#### THE RECORDS

(* Let $\Sigma$ be a ranked set and $L\subseteq\mathsf{H}_0\Sigma$. The following are equivalent: (1) $L$ is recognised by an $\mathsf{H}$-algebra that is finite on every arity; (2) $L$ is recognised by (i.e. is a union of classes of) a congruence of the algebra $\mathsf{H}\Sigma$ with finitely many equivalence classes on every arity; (3) $L$ is recognised by an equivalence relation on $\mathsf{H}\Sigma$ that is compatible with all HR-operations and has finitely many equivalence classes on every arity.
   Context: A ranked set is a set in which each element has an arity in $\{0,1,2,\dots\}$; morphisms are arity-preserving functions. A sourced hypergraph of arity $n$ over $\Sigma$: finite vertex set, finite ranked set of hyperedges labelled arity-preservingly by $\Sigma$, incidence mapping each $m$-ary hyperedge $e$ to a non-repeating list $e[1],\dots,e[m]$ of vertices, injective source function $\{1,\dots,n\}\to$ vertices. $\mathsf{H}\Sigma$: such objects up to isomorphism; $\mathsf{H}_0\Sigma$: the arity-0 ones. Unit of $n$-ary $a$: vertices $1..n$ (identity sources), one hyperedge labelled $a$ with incidence $[1,\dots,n]$. Flattening of $G\in\mathsf{H}\mathsf{H}\Sigma$: hyperedges are pairs $(e,f)$ with $e$ a hyperedge of $G$ and $f$ a hyperedge of the label of $e$ (label from $f$); vertices are vertices of $G$ and pairs $(e,v)$ with $v$ a non-source vertex of the label of $e$; sources from $G$; the incidence of $(e,f)$ is that of $f$ with $v\mapsto(e,v)$ for non-sources and $v\mapsto e[i]$ if $v$ is the $i$-th source of the label of $e$. An $\mathsf{H}$-algebra is a ranked set $A$ with arity-preserving $\pi:\mathsf{H}A\to A$ such that $\pi(\mathrm{unit}\,a)=a$ and $\pi\circ\mathsf{H}\pi=\pi\circ\mathrm{flatten}$ (with $\mathsf{H}\pi$ acting by relabelling); homomorphisms $h$ satisfy $h\circ\pi_A=\pi_B\circ\mathsf{H}h$. $\mathsf{H}\Sigma$ is an algebra with flattening as product. $L$ is recognised by $\mathcal{A}$ if $L=h^{-1}(F)\cap\mathsf{H}_0\Sigma$ for some homomorphism $h:\mathsf{H}\Sigma\to\mathcal{A}$ and set $F$. For a ranked set $X$ of variables and $t\in\mathsf{H}(\mathsf{H}\Sigma+X)$, the polynomial operation $(\mathsf{H}\Sigma)^X\to\mathsf{H}\Sigma$ maps an arity-preserving valuation $\eta$ to the flattening of $t$ with every label $x\in X$ replaced by $\eta(x)$. An equivalence relation on $\mathsf{H}\Sigma$ is compatible with an operation if componentwise equivalent inputs give equivalent outputs; a congruence is an equivalence relation compatible with all polynomial operations. The HR-operations are: for each $n$, parallel composition of two $n$-ary sourced hypergraphs (disjoint union with corresponding sources fused); for each $n$, the operation adding a new isolated vertex that becomes source $n+1$; a constant for the empty hypergraph (arity 0) and a constant for the unit of each $a\in\Sigma$; for each injective $f:\{1,\dots,k\}\to\{1,\dots,n\}$, the operation mapping an $n$-ary sourced hypergraph to the $k$-ary one whose source function is the old source function composed with $f$. *)

theory Defs
  imports Main "HOL-Library.Nat_Bijection"
begin

(* The sources are a distinct list (position i-1 = i-th source), so the arity
   is the length of that list.  Elements of H Sigma are isomorphism classes;
   we work with concrete representatives and isomorphism-invariant notions. *)
record 'l shg =
  hV :: "nat set"
  hE :: "nat set"
  hlab :: "nat \<Rightarrow> 'l"
  hinc :: "nat \<Rightarrow> nat list"
  hsrc :: "nat list"

definition hg_ar :: "'l shg \<Rightarrow> nat" where
  "hg_ar G = length (hsrc G)"

definition wf_hg :: "'l set \<Rightarrow> ('l \<Rightarrow> nat) \<Rightarrow> 'l shg \<Rightarrow> bool" where
  "wf_hg C ar G \<longleftrightarrow> finite (hV G) \<and> finite (hE G) \<and> distinct (hsrc G) \<and> set (hsrc G) \<subseteq> hV G \<and>
     (\<forall>e\<in>hE G. hlab G e \<in> C \<and> distinct (hinc G e) \<and> set (hinc G e) \<subseteq> hV G
                 \<and> length (hinc G e) = ar (hlab G e))"

definition hg_iso :: "'l shg \<Rightarrow> 'l shg \<Rightarrow> bool" where
  "hg_iso G G' \<longleftrightarrow> (\<exists>\<phi> \<psi>. bij_betw \<phi> (hV G) (hV G') \<and> bij_betw \<psi> (hE G) (hE G') \<and>
     (\<forall>e\<in>hE G. hlab G' (\<psi> e) = hlab G e \<and> hinc G' (\<psi> e) = map \<phi> (hinc G e)) \<and>
     hsrc G' = map \<phi> (hsrc G))"

definition HH :: "'s set \<Rightarrow> ('s \<Rightarrow> nat) \<Rightarrow> 's shg set" where
  "HH S ar = {G. wf_hg S ar G}"

definition hg_unit :: "('l \<Rightarrow> nat) \<Rightarrow> 'l \<Rightarrow> 'l shg" where
  "hg_unit ar a = \<lparr>hV = {..<ar a}, hE = {0}, hlab = (\<lambda>_. a), hinc = (\<lambda>_. [0..<ar a]),
                   hsrc = [0..<ar a]\<rparr>"

definition relabel :: "('l \<Rightarrow> 'm) \<Rightarrow> 'l shg \<Rightarrow> 'm shg" where
  "relabel f G = \<lparr>hV = hV G, hE = hE G, hlab = f \<circ> hlab G, hinc = hinc G, hsrc = hsrc G\<rparr>"

definition vL :: "nat \<Rightarrow> nat" where "vL v = sum_encode (Inl v)"
definition vR :: "nat \<Rightarrow> nat \<Rightarrow> nat" where "vR e v = sum_encode (Inr (prod_encode (e, v)))"

definition src_index :: "nat list \<Rightarrow> nat \<Rightarrow> nat" where
  "src_index s v = (THE i. i < length s \<and> s ! i = v)"

definition fl_vmap :: "'l shg shg \<Rightarrow> nat \<Rightarrow> nat \<Rightarrow> nat" where
  "fl_vmap G e v = (if v \<in> set (hsrc (hlab G e))
                    then vL (hinc G e ! src_index (hsrc (hlab G e)) v) else vR e v)"

(* flattening; vertex (e,v) encoded as vR e v, old vertex v as vL v,
   hyperedge (e,f) encoded as prod_encode (e,f) *)
definition flatten :: "'l shg shg \<Rightarrow> 'l shg" where
  "flatten G = \<lparr>hV = vL ` hV G \<union> {vR e v | e v. e \<in> hE G \<and> v \<in> hV (hlab G e) - set (hsrc (hlab G e))},
     hE = {prod_encode (e, f) | e f. e \<in> hE G \<and> f \<in> hE (hlab G e)},
     hlab = (\<lambda>x. case prod_decode x of (e, f) \<Rightarrow> hlab (hlab G e) f),
     hinc = (\<lambda>x. case prod_decode x of (e, f) \<Rightarrow> map (fl_vmap G e) (hinc (hlab G e) f)),
     hsrc = map vL (hsrc G)\<rparr>"

(* H-algebra with carrier A, arity arA and product \<pi> (defined on representatives,
   required to be isomorphism invariant) *)
definition H_algebra :: "'a set \<Rightarrow> ('a \<Rightarrow> nat) \<Rightarrow> ('a shg \<Rightarrow> 'a) \<Rightarrow> bool" where
  "H_algebra A arA \<pi> \<longleftrightarrow>
     (\<forall>G. wf_hg A arA G \<longrightarrow> \<pi> G \<in> A \<and> arA (\<pi> G) = hg_ar G) \<and>
     (\<forall>G G'. wf_hg A arA G \<longrightarrow> hg_iso G G' \<longrightarrow> \<pi> G = \<pi> G') \<and>
     (\<forall>a\<in>A. \<pi> (hg_unit arA a) = a) \<and>
     (\<forall>G. wf_hg (HH A arA) hg_ar G \<longrightarrow> \<pi> (relabel \<pi> G) = \<pi> (flatten G))"

definition finite_per_arity :: "'a set \<Rightarrow> ('a \<Rightarrow> nat) \<Rightarrow> bool" where
  "finite_per_arity A arA \<longleftrightarrow> (\<forall>n. finite {a\<in>A. arA a = n})"

(* homomorphism from the free algebra H Sigma (product = flatten) to (A, arA, \<pi>) *)
definition H_hom :: "'s set \<Rightarrow> ('s \<Rightarrow> nat) \<Rightarrow> 'a set \<Rightarrow> ('a \<Rightarrow> nat) \<Rightarrow> ('a shg \<Rightarrow> 'a)
                      \<Rightarrow> ('s shg \<Rightarrow> 'a) \<Rightarrow> bool" where
  "H_hom S ar A arA \<pi> h \<longleftrightarrow>
     (\<forall>G\<in>HH S ar. h G \<in> A \<and> arA (h G) = hg_ar G) \<and>
     (\<forall>G\<in>HH S ar. \<forall>G'. hg_iso G G' \<longrightarrow> h G = h G') \<and>
     (\<forall>G. wf_hg (HH S ar) hg_ar G \<longrightarrow> h (flatten G) = \<pi> (relabel h G))"
lemma monotone_triangles_fun_upd_bottom:
  assumes "a \<in> monotone_triangles n k"
  shows "a(n := (\<lambda>j. if j \<in> {1..n} then k j else 0)) = a"
proof (intro fun_upd_idem ext)
  fix j
  show "a n j = (if j \<in> {1..n} then k j else 0)"
    using assms unfolding monotone_triangles_def monotone_triangle_def by auto
qed

lemma monotone_triangles_last_row:
  assumes "l \<in> interlacing (Suc m) k" "b \<in> monotone_triangles m l"
  shows "b m = l" "b (Suc m) = (\<lambda>_. 0)"
proof -
  have "b m j = l j" for j
    using assms unfolding monotone_triangles_def monotone_triangle_def interlacing_def
    by (cases "j \<in> {1..m}") auto
  then show "b m = l"
    by auto
  show "b (Suc m) = (\<lambda>_. 0)"
    using assms(2) unfolding monotone_triangles_def monotone_triangle_def by auto
qed

lemma finite_monotone_triangles: "finite (monotone_triangles n k)"
proof (induction n arbitrary: k)
  case 0
  then show ?case
    by (simp add: monotone_triangles_zero)
next
  case (Suc m)
  let ?f = "\<lambda>a. (a m, a(Suc m := (\<lambda>_. 0)))"
  have "inj_on ?f (monotone_triangles (Suc m) k)"
  proof (rule inj_on_inverseI)
    fix a assume "a \<in> monotone_triangles (Suc m) k"
    then show "(\<lambda>(l, b). b(Suc m := (\<lambda>j. if j \<in> {1..Suc m} then k j else 0))) (?f a) = a"
      using monotone_triangles_fun_upd_bottom[of a "Suc m" k] by simp
  qed
  moreover have "?f ` monotone_triangles (Suc m) k \<subseteq> (SIGMA l:interlacing (Suc m) k. monotone_triangles m l)"
    by (auto simp: monotone_triangles_row_interlacing monotone_triangles_delete_bottom)
  moreover have "finite (SIGMA l:interlacing (Suc m) k. monotone_triangles m l)"
    by (intro finite_SigmaI finite_interlacing Suc.IH)
  ultimately show ?case
    by (rule inj_on_finite)
qed

lemma card_monotone_triangles_Suc:
  assumes "\<And>j. 1 \<le> j \<Longrightarrow> j \<le> m \<Longrightarrow> k j < k (Suc j)"
  shows "card (monotone_triangles (Suc m) k) = (\<Sum>l\<in>interlacing (Suc m) k. card (monotone_triangles m l))"
proof -
  let ?bottom = "\<lambda>j. if j \<in> {1..Suc m} then k j else 0"
  have "bij_betw (\<lambda>a. (a m, a(Suc m := (\<lambda>_. 0)))) (monotone_triangles (Suc m) k)
      (SIGMA l:interlacing (Suc m) k. monotone_triangles m l)"
  proof (rule bij_betw_byWitness[where f' = "\<lambda>(l, b). b(Suc m := ?bottom)"])
    show "\<forall>a\<in>monotone_triangles (Suc m) k. (\<lambda>(l, b). b(Suc m := ?bottom)) (a m, a(Suc m := (\<lambda>_. 0))) = a"
      using monotone_triangles_fun_upd_bottom[of _ "Suc m" k] by simp
    show "\<forall>lb\<in>(SIGMA l:interlacing (Suc m) k. monotone_triangles m l).
        (\<lambda>a. (a m, a(Suc m := (\<lambda>_. 0)))) ((\<lambda>(l, b). b(Suc m := ?bottom)) lb) = lb"
      by (auto simp: monotone_triangles_last_row fun_upd_idem)
    show "(\<lambda>a. (a m, a(Suc m := (\<lambda>_. 0)))) ` monotone_triangles (Suc m) k
        \<subseteq> (SIGMA l:interlacing (Suc m) k. monotone_triangles m l)"
      by (auto simp: monotone_triangles_row_interlacing monotone_triangles_delete_bottom)
    show "(\<lambda>(l, b). b(Suc m := ?bottom)) ` (SIGMA l:interlacing (Suc m) k. monotone_triangles m l)
        \<subseteq> monotone_triangles (Suc m) k"
      using monotone_triangles_add_bottom[of m k, OF assms] by auto
  qed
  then show ?thesis
    by (simp add: bij_betw_same_card card_SigmaI finite_interlacing finite_monotone_triangles)
qed

lemma real_card_monotone_triangles:
  assumes "\<And>j. 1 \<le> j \<Longrightarrow> Suc j \<le> n \<Longrightarrow> k j < k (Suc j)"
  shows "real (card (monotone_triangles n k)) = fischer_op n (vdm n) (\<lambda>i. of_int (k i))"
  using assms
proof (induction n arbitrary: k)
  case 0
  have "increasing_pairs 0 = {}"
    by (auto simp: increasing_pairs_def)
  then show ?case
    by (simp add: monotone_triangles_zero fischer_op_eq_op_prod vdm_eq_binom_det binom_det_def)
next
  case (Suc m)
  let ?F = "op_prod (increasing_pairs m) (binom_det (\<lambda>_. 1) m)"
  have "real (card (monotone_triangles (Suc m) k)) = (\<Sum>l\<in>interlacing (Suc m) k. real (card (monotone_triangles m l)))"
    using Suc.prems by (simp add: card_monotone_triangles_Suc)
  also have "\<dots> = (\<Sum>l\<in>interlacing (Suc m) k. fischer_op m (vdm m) (\<lambda>i. of_int (l i)))"
    by (intro sum.cong refl Suc.IH) (auto simp: interlacing_def)
  also have "\<dots> = (\<Sum>l\<in>interlacing (Suc m) k. diffs_upto m ?F (\<lambda>i. of_int (l i)))"
    by (simp add: fischer_op_eq_op_prod vdm_eq_binom_det diffs_upto_binom_det_ones[symmetric] op_prod_diffs_upto)
  also have "\<dots> = (\<Sum>r=1..Suc m. (-1) ^ (r - 1) * ?F (drop_raise r (\<lambda>i. of_int (k i))))"
  proof -
    have "adjacent_vanishing m ?F"
      by (rule adjacent_vanishing_op_prod) (simp add: binom_det_transpose)
    moreover have "depends_only_on {1..<Suc m} ?F"
      using depends_only_on_op_prod[OF finite_increasing_pairs depends_only_on_binom_det]
      by (simp add: atLeastLessThanSuc_atLeastAtMost)
    ultimately show ?thesis
      using sum_interlacing_diffs_upto[of "Suc m" k ?F] Suc.prems by simp
  qed
  also have "\<dots> = fischer_op (Suc m) (vdm (Suc m)) (\<lambda>i. of_int (k i))"
    by (rule fischer_op_vdm_Suc[symmetric])
  finally show ?case .
qed

theorem theorem1:
  fixes n :: nat and k :: "nat \<Rightarrow> int"
  assumes "n \<ge> 1"
    and "\<And>i j. 1 \<le> i \<Longrightarrow> i < j \<Longrightarrow> j \<le> n \<Longrightarrow> k i < k j"
  shows "real (card (monotone_triangles n k)) = fischer_op n (vdm n) (\<lambda>i. real_of_int (k i))"
  using assms(2) by (intro real_card_monotone_triangles) auto

end
lemma cube01_add_cases:
  fixes a b :: "real^'n"
  assumes "a \<in> cube01" "b \<in> cube01"
  shows "(\<exists>i j. (a + b) $ i = 2 \<and> (a + b) $ j = 0) \<or> (\<exists>w\<in>cube01. projH w = projH (a + b))"
proof (cases "\<exists>i. (a + b) $ i = 2")
  case True
  show ?thesis
  proof (cases "\<exists>j. (a + b) $ j = 0")
    case False
    then have "(a + b) $ k - 1 \<in> {0, 1}" for k
      using cube01_add_nth[OF assms, of k] by auto
    then have "(\<chi> k. (a + b) $ k - 1) \<in> cube01"
      by (simp add: cube01_def)
    moreover have "projH (\<chi> k. (a + b) $ k - 1) = projH (a + b)"
      by (rule projH_eqI) simp
    ultimately show ?thesis by blast
  qed (use True in blast)
next
  case False
  then have "(a + b) $ k \<in> {0, 1}" for k
    using cube01_add_nth[OF assms, of k] by auto
  then have "a + b \<in> cube01"
    by (simp add: cube01_def)
  then show ?thesis by blast
qed

lemma normP_half_projH_cube01_add:
  assumes a: "a \<in> cube01" and b: "b \<in> cube01" and ij: "(a + b) $ i = 2" "(a + b) $ j = 0"
  shows "normP (projH ((1/2) *\<^sub>R (a + b))) = 1"
proof (rule normP_eq)
  have spread: "(a + b) $ k - (a + b) $ l \<le> 2" for k l
    using cube01_add_nth[OF a b, of k] cube01_add_nth[OF a b, of l] by auto
  show "projH ((1/2) *\<^sub>R (a + b)) $ k - projH ((1/2) *\<^sub>R (a + b)) $ l \<le> 1" for k l
    using spread[of k l] by (simp add: projH_nth_diff field_simps)
  show "projH ((1/2) *\<^sub>R (a + b)) $ i - projH ((1/2) *\<^sub>R (a + b)) $ j = 1"
    using ij by (simp add: projH_nth_diff)
qed (rule projH_in_hypH)

theorem lemma10:
  fixes u1 u2 :: "real^'n"
  assumes "CARD('n) \<ge> 3"
    and "u1 \<in> halfdualA" and "u2 \<in> halfdualA"
    and "cayley_dist u1 u2 = 2"
  shows "normP (u1 - u2) = 1"
proof -
  have N: "CARD('n) \<ge> 2"
    using assms(1) by simp
  obtain w where "u1 - w \<in> gens" "w - u2 \<in> gens"
    using cayley_dist_eq_2D(3)[OF assms(2-4)] by blast
  then obtain a b where a: "a \<in> cube01" and b: "b \<in> cube01"
    and "(u1 - w) + (w - u2) = projH ((1/2) *\<^sub>R (a + b))"
    using gens_add_gens[OF N] by blast
  then have diff: "u1 - u2 = projH ((1/2) *\<^sub>R (a + b))"
    by simp
  from cube01_add_cases[OF a b] show ?thesis
  proof (elim disjE exE conjE bexE)
    fix i j assume "(a + b) $ i = 2" "(a + b) $ j = 0"
    then show ?thesis
      unfolding diff by (rule normP_half_projH_cube01_add[OF a b])
  next
    fix c assume c: "c \<in> cube01" "projH c = projH (a + b)"
    then have "u1 - u2 = (1/2) *\<^sub>R projH c"
      by (simp add: diff projH_scaleR)
    then have "u1 - u2 = 0 \<or> u1 - u2 \<in> gens"
      using c(1) projH_0_1[of c] unfolding gens_eq[OF N] by auto
    with cayley_dist_eq_2D(1,2)[OF assms(2-4)] show ?thesis
      by simp
  qed
qed

end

#### INSTRUCTIONS TO FOLLOW
Wherever the string "moreover" shows up in the material, copy the line that holds it.

#### TASK RESPONSE
  moreover have "?f ` monotone_triangles (Suc m) k \<subseteq> (SIGMA l:interlacing (Suc m) k. monotone_triangles m l)"
  moreover have "finite (SIGMA l:interlacing (Suc m) k. monotone_triangles m l)"
    moreover have "depends_only_on {1..<Suc m} ?F"
    moreover have "projH (\<chi> k. (a + b) $ k - 1) = projH (a + b)"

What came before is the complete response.